text \<open>The edges between a set \<open>X\<close> on one side and its neighbourhood form an \<open>F\<close>-free
  bipartite graph, which after relabelling the vertices by natural numbers is counted by \<open>zar\<close>.\<close>

lemma sum_degree_le_zar:
  fixes V :: "'a set" and E :: "'a set set"
  assumes fin: "finite V" and AB: "A \<inter> B = {}" "A \<union> B = V"
    and edges: "\<forall>e\<in>E. \<exists>a\<in>A. \<exists>b\<in>B. e = {a, b}" and free: "F_free F V E"
    and XA: "X \<subseteq> A"
  shows "(\<Sum>x\<in>X. degree V E x) \<le> zar (card X) (card (nbhd_set V E X)) F"
    and "(\<Sum>x\<in>X. degree V E x) \<le> zar (card (nbhd_set V E X)) (card X) F"
proof -
  define Y where "Y = nbhd_set V E X"
  have XV: "X \<subseteq> V" using XA AB by auto
  have YB: "Y \<subseteq> B"
  proof
    fix y assume "y \<in> Y"
    then obtain x where "x \<in> X" "y \<in> nbhd V E x" unfolding Y_def nbhd_set_def by blast
    then show "y \<in> B" using nbhd_other_side[OF AB(1) edges] XA by blast
  qed
  have YV: "Y \<subseteq> V" unfolding Y_def nbhd_set_def nbhd_def by auto
  have fin': "finite X" "finite Y" using XV YV fin finite_subset by auto
  define Es where "Es = (\<lambda>(x,y). {x,y}) ` (SIGMA x:X. nbhd V E x)"
  have "inj_on (\<lambda>(x,y). {x,y}) (SIGMA x:X. nbhd V E x)"
  proof (rule inj_onI, clarsimp)
    fix x y x' y' assume h: "x \<in> X" "y \<in> nbhd V E x" "x' \<in> X" "y' \<in> nbhd V E x'" "{x, y} = {x', y'}"
    have "y \<in> B" "y' \<in> B" using h nbhd_other_side[OF AB(1) edges] XA by blast+
    then show "x = x' \<and> y = y'" using h XA AB(1) by (auto simp: doubleton_eq_iff)
  qed
  then have "card Es = card (SIGMA x:X. nbhd V E x)" unfolding Es_def by (rule card_image)
  also have "\<dots> = (\<Sum>x\<in>X. degree V E x)"
    using fin'(1) fin by (simp add: card_SigmaI degree_eq_card_nbhd nbhd_def)
  finally have card_Es: "card Es = (\<Sum>x\<in>X. degree V E x)" .
  have Es_E: "Es \<subseteq> E" and Es_V: "\<forall>e\<in>Es. e \<subseteq> V" unfolding Es_def nbhd_def using XV by auto
  obtain h :: "'a \<Rightarrow> nat" and N where h: "h ` V = {i. i < N}" "inj_on h V"
    using finite_imp_inj_to_nat_seg[OF fin] by blast
  have inj_img: "inj_on (image h) Es"
    using Es_V inj_on_image_eq_iff[OF h(2)] by (intro inj_onI) auto
  have disj: "h ` X \<inter> h ` Y = {}"
    using inj_on_image_Int[OF h(2) XV YV] XA YB AB(1) by auto
  have cross: "image h ` Es \<subseteq> {{a, b} | a b. a \<in> h ` X \<and> b \<in> h ` Y}"
  proof
    fix e assume "e \<in> image h ` Es"
    then obtain x y where "x \<in> X" "y \<in> nbhd V E x" "e = h ` {x, y}" unfolding Es_def by blast
    moreover have "y \<in> Y" using calculation unfolding Y_def nbhd_set_def by blast
    ultimately show "e \<in> {{a, b} | a b. a \<in> h ` X \<and> b \<in> h ` Y}" by auto
  qed
  have cross': "image h ` Es \<subseteq> {{a, b} | a b. a \<in> h ` Y \<and> b \<in> h ` X}"
  proof
    fix e assume "e \<in> image h ` Es"
    then obtain a b where "e = {a, b}" "a \<in> h ` X" "b \<in> h ` Y" using cross by blast
    then show "e \<in> {{a, b} | a b. a \<in> h ` Y \<and> b \<in> h ` X}" by (blast intro: insert_commute)
  qed
  have free': "F_free F (h ` X \<union> h ` Y) (image h ` Es)"
    using XV YV by (intro F_free_inj_image[OF h(2) free Es_E Es_V]) auto
  have cards: "card (h ` X) = card X" "card (h ` Y) = card Y" "card (image h ` Es) = card Es"
    using inj_on_subset[OF h(2) XV] inj_on_subset[OF h(2) YV] inj_img by (simp_all add: card_image)
  show "(\<Sum>x\<in>X. degree V E x) \<le> zar (card X) (card (nbhd_set V E X)) F"
    using card_le_zar[OF _ _ disj cross free'] fin' cards card_Es unfolding Y_def by simp
  show "(\<Sum>x\<in>X. degree V E x) \<le> zar (card (nbhd_set V E X)) (card X) F"
    using card_le_zar[of "h ` Y" "h ` X", OF _ _ _ cross'] disj free' fin' cards card_Es
    unfolding Y_def by (simp add: Un_commute Int_commute)
qed

lemma greedy_capped_assignment:
  fixes X :: "'a set" and N :: "'a \<Rightarrow> 'a set" and T :: "'a set" and K :: nat
  assumes "finite X" "\<forall>a\<in>X. finite (N a)"
  shows "\<exists>Y p. finite Y \<and> Y \<inter> T = {} \<and> (\<forall>y\<in>Y. p y \<in> X \<and> y \<in> N (p y)) \<and>
     (\<forall>a\<in>X. card {y\<in>Y. p y = a} \<le> K) \<and>
     (\<forall>a\<in>X. card {y\<in>Y. p y = a} = K \<or> N a \<subseteq> Y \<union> T)"
  using assms
proof (induction X rule: finite_induct)
  case empty
  show ?case by (rule exI[of _ "{}"]) simp
next
  case (insert a X)
  then obtain Y p where Yp: "finite Y" "Y \<inter> T = {}" "\<forall>y\<in>Y. p y \<in> X \<and> y \<in> N (p y)"
     "\<forall>b\<in>X. card {y\<in>Y. p y = b} \<le> K" "\<forall>b\<in>X. card {y\<in>Y. p y = b} = K \<or> N b \<subseteq> Y \<union> T"
    by auto
  define R where "R = N a - Y - T"
  have finR: "finite R" unfolding R_def using insert.prems by auto
  obtain R' where R': "R' \<subseteq> R" "card R' \<le> K" "card R' = K \<or> R' = R"
  proof (cases "K \<le> card R")
    case True
    then obtain R' where "R' \<subseteq> R" "card R' = K" using obtain_subset_with_card_n by metis
    then show ?thesis using that by auto
  next
    case False
    then show ?thesis using that[of R] by auto
  qed
  have finR': "finite R'" using R'(1) finR finite_subset by blast
  define Y' where "Y' = Y \<union> R'"
  define p' where "p' = (\<lambda>y. if y \<in> R' then a else p y)"
  have RY: "R' \<inter> Y = {}" using R'(1) unfolding R_def by auto
  have fa: "{y\<in>Y'. p' y = a} = R'"
  proof -
    have "\<And>y. y \<in> Y \<Longrightarrow> y \<notin> R' \<Longrightarrow> p y \<noteq> a" using Yp(3) insert.hyps(2) by metis
    then show ?thesis unfolding Y'_def p'_def by auto
  qed
  have fb: "\<And>b. b \<in> X \<Longrightarrow> {y\<in>Y'. p' y = b} = {y\<in>Y. p y = b}"
    unfolding Y'_def p'_def using RY insert.hyps(2) by auto
  show ?case
  proof (intro exI conjI)
    show "finite Y'" unfolding Y'_def using Yp(1) finR' by simp
    show "Y' \<inter> T = {}" unfolding Y'_def using Yp(2) R'(1) unfolding R_def by auto
    show "\<forall>y\<in>Y'. p' y \<in> insert a X \<and> y \<in> N (p' y)"
      unfolding Y'_def p'_def using Yp(3) R'(1) unfolding R_def by auto
    show "\<forall>b\<in>insert a X. card {y\<in>Y'. p' y = b} \<le> K"
      using fa fb Yp(4) R'(2) by auto
    show "\<forall>b\<in>insert a X. card {y\<in>Y'. p' y = b} = K \<or> N b \<subseteq> Y' \<union> T"
    proof
      fix b assume b: "b \<in> insert a X"
      show "card {y\<in>Y'. p' y = b} = K \<or> N b \<subseteq> Y' \<union> T"
      proof (cases "b = a")
        case True
        then show ?thesis using fa R'(3) unfolding Y'_def R_def by auto
      next
        case False
        then have "b \<in> X" using b by auto
        then show ?thesis using fb Yp(5) unfolding Y'_def by auto
      qed
    qed
  qed
qed

definition descendants :: "'a set \<Rightarrow> ('a \<Rightarrow> nat) \<Rightarrow> ('a \<Rightarrow> 'a) \<Rightarrow> 'a \<Rightarrow> nat \<Rightarrow> 'a set" where
  "descendants W dep par w i = {v\<in>W. dep v = i \<and> (par ^^ (i - dep w)) v = w}"

text \<open>The bound on \<open>card W\<close> reflects that the layer sizes at least double; the
  descendant bound is the invariant that controls how many root paths pass through a vertex.\<close>

definition layered_tree :: "'a set \<Rightarrow> 'a set set \<Rightarrow> 'a \<Rightarrow> nat \<Rightarrow> (nat \<Rightarrow> nat) \<Rightarrow> 'a set \<Rightarrow> ('a \<Rightarrow> nat) \<Rightarrow> ('a \<Rightarrow> 'a) \<Rightarrow> bool" where
  "layered_tree V E u k t W dep par \<longleftrightarrow> finite W \<and> W \<subseteq> V \<and> u \<in> W \<and> dep u = 0 \<and> par u = u \<and>
    (\<forall>v\<in>W. v \<noteq> u \<longrightarrow> par v \<in> W \<and> Suc (dep (par v)) = dep v \<and> {par v, v} \<in> E) \<and>
    (\<forall>v\<in>W. dep v = 0 \<longrightarrow> v = u) \<and> (\<forall>v\<in>W. dep v \<le> k) \<and>
    (\<forall>j. 1 \<le> j \<and> j \<le> k \<longrightarrow> card {v\<in>W. dep v = j} = t j) \<and>
    card W \<le> 1 + 2 * t k \<and>
    (\<forall>w\<in>W. w \<noteq> u \<longrightarrow> (\<forall>i. dep w \<le> i \<longrightarrow>
        real (card (descendants W dep par w i)) \<le> 3^(i - dep w) * real (t i) / real (t (dep w))))"

lemma layered_tree_funpow_parent:
  assumes "layered_tree V E u k t W dep par" "v \<in> W"
  shows "(par^^m) v \<in> W \<and> dep ((par^^m) v) = dep v - m"
proof (induction m)
  case 0 then show ?case using assms(2) by simp
next
  case (Suc m)
  define z where "z = (par^^m) v"
  have z: "z \<in> W" "dep z = dep v - m" using Suc unfolding z_def by auto
  have T: "dep u = 0" "par u = u" "\<forall>v\<in>W. v \<noteq> u \<longrightarrow> par v \<in> W \<and> Suc (dep (par v)) = dep v"
    using assms(1) unfolding layered_tree_def by auto
  have "par z \<in> W \<and> dep (par z) = dep v - Suc m"
  proof (cases "z = u")
    case True then show ?thesis using T z by auto
  next
    case False then show ?thesis using T z by force
  qed
  then show ?case unfolding z_def by simp
qed

lemma funpow_agree_on_closed:
  assumes "\<forall>x\<in>W. par' x = par x" "\<forall>x\<in>W. par x \<in> W" "v \<in> W"
  shows "(par'^^m) v = (par^^m) v \<and> (par^^m) v \<in> W"
  by (induction m) (use assms in auto)

lemma layered_tree_star:
  assumes u: "u \<in> V" and X1: "X1 \<subseteq> nbhd V E u" "card X1 = t 1" and fin: "finite V"
    and uX: "u \<notin> X1" and t1: "t 1 \<ge> 1"
  shows "layered_tree V E u 1 t (insert u X1) (\<lambda>x. if x \<in> X1 then 1 else 0) (\<lambda>x. u)"
proof -
  define W where "W = insert u X1"
  define dep where "dep = (\<lambda>x. if x \<in> X1 then 1 else (0::nat))"
  have XV: "X1 \<subseteq> V" using X1 unfolding nbhd_def by auto
  have finX: "finite X1" using XV fin finite_subset by blast
  have descendants_leaf: "\<And>w i. w \<in> X1 \<Longrightarrow> descendants W dep (\<lambda>x. u) w i = (if i = 1 then {w} else {})"
  proof -
    fix w i assume w: "w \<in> X1"
    show "descendants W dep (\<lambda>x. u) w i = (if i = 1 then {w} else {})"
    proof (cases "i = 1")
      case True then show ?thesis unfolding descendants_def W_def dep_def using w uX by auto
    next
      case False
      have "\<And>v. v \<in> W \<Longrightarrow> dep v = i \<Longrightarrow> 1 \<le> i \<Longrightarrow> False" unfolding W_def dep_def using False uX
        by (auto split: if_splits)
      then have "descendants W dep (\<lambda>x. u) w i = {}" if "1 \<le> i" unfolding descendants_def using that by blast
      moreover have "descendants W dep (\<lambda>x. u) w 0 = {}" unfolding descendants_def dep_def W_def using w uX by auto
      ultimately show ?thesis using False by (cases i) auto
    qed
  qed
  have lev: "{v\<in>W. dep v = 1} = X1" unfolding W_def dep_def using uX by auto
  show ?thesis unfolding W_def[symmetric] dep_def[symmetric] layered_tree_def
  proof (intro conjI)
    show "finite W" unfolding W_def using finX by simp
    show "W \<subseteq> V" unfolding W_def using XV u by simp
    show "u \<in> W" unfolding W_def by simp
    show "dep u = 0" unfolding dep_def using uX by simp
    show "(\<lambda>x. u) u = u" by simp
    show "\<forall>v\<in>W. v \<noteq> u \<longrightarrow> u \<in> W \<and> Suc (dep u) = dep v \<and> {u, v} \<in> E"
      unfolding W_def dep_def using uX X1(1) unfolding nbhd_def by auto
    show "\<forall>v\<in>W. dep v = 0 \<longrightarrow> v = u" unfolding W_def dep_def by auto
    show "\<forall>v\<in>W. dep v \<le> 1" unfolding dep_def by auto
    show "\<forall>j. 1 \<le> j \<and> j \<le> 1 \<longrightarrow> card {v\<in>W. dep v = j} = t j"
    proof (intro allI impI)
      fix j :: nat assume "1 \<le> j \<and> j \<le> 1"
      then have "j = 1" by simp
      then show "card {v\<in>W. dep v = j} = t j" using lev X1(2) by simp
    qed
    show "card W \<le> 1 + 2 * t 1" unfolding W_def using finX uX X1(2) by simp
    show "\<forall>w\<in>W. w \<noteq> u \<longrightarrow> (\<forall>i. dep w \<le> i \<longrightarrow>
        real (card (descendants W dep (\<lambda>x. u) w i)) \<le> 3^(i - dep w) * real (t i) / real (t (dep w)))"
    proof (intro ballI impI allI)
      fix w i assume w: "w \<in> W" "w \<noteq> u" "dep w \<le> i"
      then have wX: "w \<in> X1" unfolding W_def by auto
      show "real (card (descendants W dep (\<lambda>x. u) w i)) \<le> 3^(i - dep w) * real (t i) / real (t (dep w))"
      proof (cases "i = 1")
        case True then show ?thesis using descendants_leaf[OF wX] wX t1 unfolding dep_def by simp
      next
        case False then show ?thesis using descendants_leaf[OF wX] by simp
      qed
    qed
  qed
qed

EXERCISE DESCRIPTION:
Every line of the listing that holds "ultimately" should be found and copied.

TASK ANSWER:
    ultimately show "e \<in> {{a, b} | a b. a \<in> h ` X \<and> b \<in> h ` Y}" by auto
      ultimately show ?thesis using False by (cases i) auto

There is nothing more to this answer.